Compensatory cell proliferation and growth in the rat heart after postnatal hypothyroidism.

作者信息

Moussavi R, Meisami E, Timiras P S

出版信息

Am J Physiol. 1985 Mar;248(3 Pt 1):E381-7. doi: 10.1152/ajpendo.1985.248.3.E381.

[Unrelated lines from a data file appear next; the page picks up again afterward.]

lemma transl_subset_A_if_idg_subset:
  assumes ij: "i \<in> {1..m}" "j \<in> {1..m}" "i \<noteq> j" and sub: "idg (A j) \<subseteq> idg (A i)"
    and x: "x \<in> A j"
  shows "transl x (idg (A j)) \<subseteq> A j"
proof
  fix z assume "z \<in> transl x (idg (A j))"
  then have "z - x \<in> idg (A j)" by (simp add: mem_transl_iff)
  moreover have "x + (z - x) \<in> U"
    using shift_stays_outside[OF ij(1), of x "z - x"] sub calculation x disjoint[OF ij] ij by blast
  ultimately show "z \<in> A j" using mem_A_if_diff_mem_idg[OF ij(2) x] by simp
qed

end

locale canonical_bimodal = bimodal_collection +
  fixes D :: "'a set" and p :: nat
  assumes add_subgrp_D: "add_subgrp D"
    and pivot: "p \<in> {1..m}" "A p \<subseteq> idg (A p)" "idg (A p) - A p = D"
begin

definition punctured :: "nat \<Rightarrow> bool" where
  "punctured i \<longleftrightarrow> A i \<subseteq> idg (A i) \<and> idg (A i) - A i = D"

lemma punctured_pivot: "punctured p"
  using pivot by (simp add: punctured_def)

lemma D_disjoint_U: "d \<in> D \<Longrightarrow> d \<notin> U"
proof
  assume d: "d \<in> D" "d \<in> U"
  obtain x where x: "x \<in> A p" using nonempty pivot(1) by blast
  have "d - x \<in> idg (A p)"
    using d x pivot add_subgrp_diff[OF add_subgrp_idg] by blast
  then have "d \<in> A p" using mem_A_if_diff_mem_idg[OF pivot(1) x d(2)] by simp
  with d pivot(3) show False by blast
qed

lemma zero_notin_U: "0 \<notin> U"
  using D_disjoint_U add_subgrp_zero[OF add_subgrp_D] by blast

lemma idg_inter_subset_D:
  assumes ij: "i \<in> {1..m}" "j \<in> {1..m}" "i \<noteq> j" and "punctured i"
  shows "idg (A i) \<inter> idg (A j) \<subseteq> D"
proof
  fix k assume k: "k \<in> idg (A i) \<inter> idg (A j)"
  show "k \<in> D"
  proof (rule ccontr)
    assume "k \<notin> D"
    then have "k \<in> U - A j" using k \<open>punctured i\<close> disjoint[OF ij] ij unfolding punctured_def by blast
    then have "k + - k \<in> U"
      using shift_stays_outside[OF ij(2)] add_subgrp_uminus[OF add_subgrp_idg] k by blast
    with zero_notin_U show False by simp
  qed
qed

lemma subset_idg_if_idg_meets_U:
  assumes j: "j \<in> {1..m}" and u: "u \<in> idg (A j)" "u \<in> U"
  shows "A j \<subseteq> idg (A j)"
proof (cases "u \<in> A j")
  case True
  then show ?thesis using u(1) subset_idg_if_mem by blast
next
  case False
  then have "u + - u \<in> U"
    using shift_stays_outside[OF j] add_subgrp_uminus[OF add_subgrp_idg] u by blast
  with zero_notin_U show ?thesis by simp
qed

lemma subset_idg_if_deficient:
  assumes ij: "i \<in> {1..m}" "j \<in> {1..m}" "i \<noteq> j" and "punctured i"
    and deficient: "card (A j) < card (idg (A j))"
  shows "A j \<subseteq> idg (A j)"
proof (rule ccontr)
  assume "\<not> A j \<subseteq> idg (A j)"
  then have outside: "h \<notin> U" if "h \<in> idg (A j)" for h
    using subset_idg_if_idg_meets_U[OF ij(2)] that by blast
  have "idg (A j) \<subseteq> idg (A i)"
    using mem_idg_transfer[OF ij] \<open>punctured i\<close> outside unfolding punctured_def by blast
  moreover obtain x where "x \<in> A j" using nonempty ij by blast
  ultimately have "card (idg (A j)) \<le> card (A j)"
    using transl_subset_A_if_idg_subset[OF ij] card_mono[OF finite] by (metis card_transl)
  with deficient show False by simp
qed

lemma punctured_if_subset_idg:
  assumes ij: "i \<in> {1..m}" "j \<in> {1..m}" "i \<noteq> j" and "punctured i"
    and Aj: "A j \<subseteq> idg (A j)"
  shows "punctured j"
proof -
  have "D \<subseteq> idg (A j)"
    using mem_idg_transfer[OF ij(2,1) _ Aj] D_disjoint_U \<open>punctured i\<close> ij(3)
    unfolding punctured_def by blast
  moreover have "e \<in> D" if e: "e \<in> idg (A j)" "e \<notin> A j" for e
  proof -
    obtain x where "x \<in> A j" using nonempty ij by blast
    then have "e \<notin> U"
      using mem_A_if_diff_mem_idg[OF ij(2)] Aj e add_subgrp_diff[OF add_subgrp_idg] by blast
    then have "e \<in> idg (A i)"
      using mem_idg_transfer[OF ij] \<open>punctured i\<close> e(1) unfolding punctured_def by blast
    then show ?thesis using idg_inter_subset_D[OF ij \<open>punctured i\<close>] e(1) by blast
  qed
  ultimately show ?thesis
    using Aj D_disjoint_U ij(2) unfolding punctured_def by blast
qed

lemma punctured_if_deficient:
  "j \<in> {1..m} \<Longrightarrow> card (A j) < card (idg (A j)) \<Longrightarrow> punctured j"
  using punctured_pivot pivot(1) subset_idg_if_deficient punctured_if_subset_idg by metis
lemma positive_part_eq_iff:
  assumes "\<forall>v\<in>G. a \<bullet> v \<noteq> 0" "\<forall>v\<in>G. b \<bullet> v \<noteq> 0"
  shows "positive_part a = positive_part b \<longleftrightarrow> (\<forall>v\<in>G. 0 < a \<bullet> v \<longleftrightarrow> 0 < b \<bullet> v)"
proof
  assume eq: "positive_part a = positive_part b"
  show "\<forall>v\<in>G. 0 < a \<bullet> v \<longleftrightarrow> 0 < b \<bullet> v"
  proof
    fix v assume "v \<in> G"
    then have "v \<in> signed" by (simp add: signed_def)
    then show "0 < a \<bullet> v \<longleftrightarrow> 0 < b \<bullet> v"
      using eqset_imp_iff[OF eq, of v] by (simp add: positive_part_def)
  qed
next
  assume same: "\<forall>v\<in>G. 0 < a \<bullet> v \<longleftrightarrow> 0 < b \<bullet> v"
  have "0 < a \<bullet> w \<longleftrightarrow> 0 < b \<bullet> w" if w: "w \<in> signed" for w
    using w
  proof (cases rule: signed_cases)
    case 1
    then show ?thesis using same by blast
  next
    case 2
    then have "0 < a \<bullet> (- w) \<longleftrightarrow> 0 < b \<bullet> (- w)"
      using same by blast
    moreover have "a \<bullet> w \<noteq> 0" "b \<bullet> w \<noteq> 0"
      using inner_nonzero_if_signed[OF _ w] assms by blast+
    ultimately show ?thesis
      by auto
  qed
  then show "positive_part a = positive_part b"
    unfolding positive_part_def by (intro Collect_cong) blast
qed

DOI:10.1152/ajpendo.1985.248.3.E381
PMID:2579576
Abstract

Measurement of total DNA, RNA, and protein as well as weight of the heart in male rats at 10, 25, 50, and 90 postnatal days revealed that hypothyroidism, as induced by administration from birth of the goitrogen propylthiouracil (PTU), results in highly significant reductions in cardiac cell proliferation and cell growth. These inhibitory effects on hyperplastic and hypertrophic growths were less drastic during the suckling period than during the postweaning period. In the latter period, heart growth of the hypothyroid animals was found to remain at a standstill with regard to all the parameters measured. When, after 25 days of hypothyroidism, PTU treatment was discontinued, the retarded heart showed marked signs of rehabilitation and compensatory development. Indeed, by day 90, total DNA content had essentially compensated for its deficit but total RNA, protein content, and weight, though showing marked compensatory surges (from 80-90% deficit to 20-30%), were not yet fully compensated. The results clearly indicate that the growing heart has a marked ability to be rehabilitated from severe hypothyroid retardation, showing within 2 mo full compensation of cell number and nearly complete compensation of cell growth. It is suggested that rehabilitation of the heart is brought about by physiological restoration not only of the thyroid hormones but also of growth hormone and possibly other thyroid-dependent growth factors.

摘要

对出生后10天、25天、50天和90天的雄性大鼠的心脏总DNA、RNA和蛋白质以及心脏重量进行测量,结果显示,自出生起给予甲状腺肿原丙硫氧嘧啶(PTU)所诱发的甲状腺功能减退症,会导致心脏细胞增殖和细胞生长显著减少。与断奶后期相比,哺乳期对增生性和肥大性生长的这些抑制作用不那么剧烈。在断奶后期,发现甲状腺功能减退动物的心脏生长在所有测量参数方面都停滞不前。甲状腺功能减退25天后停止PTU治疗时,发育迟缓的心脏显示出明显的恢复和代偿性发育迹象。事实上,到90天时,总DNA含量基本弥补了其不足,但总RNA、蛋白质含量和重量虽然显示出明显的代偿性激增(从80 - 90%的不足到20 - 30%),但尚未完全得到补偿。结果清楚地表明,正在生长的心脏具有从严重甲状腺功能减退性发育迟缓中恢复的显著能力,在2个月内显示出细胞数量的完全补偿和细胞生长的几乎完全补偿。有人提出,心脏的恢复不仅是通过甲状腺激素的生理恢复,而且还通过生长激素以及可能其他甲状腺依赖性生长因子的生理恢复来实现的。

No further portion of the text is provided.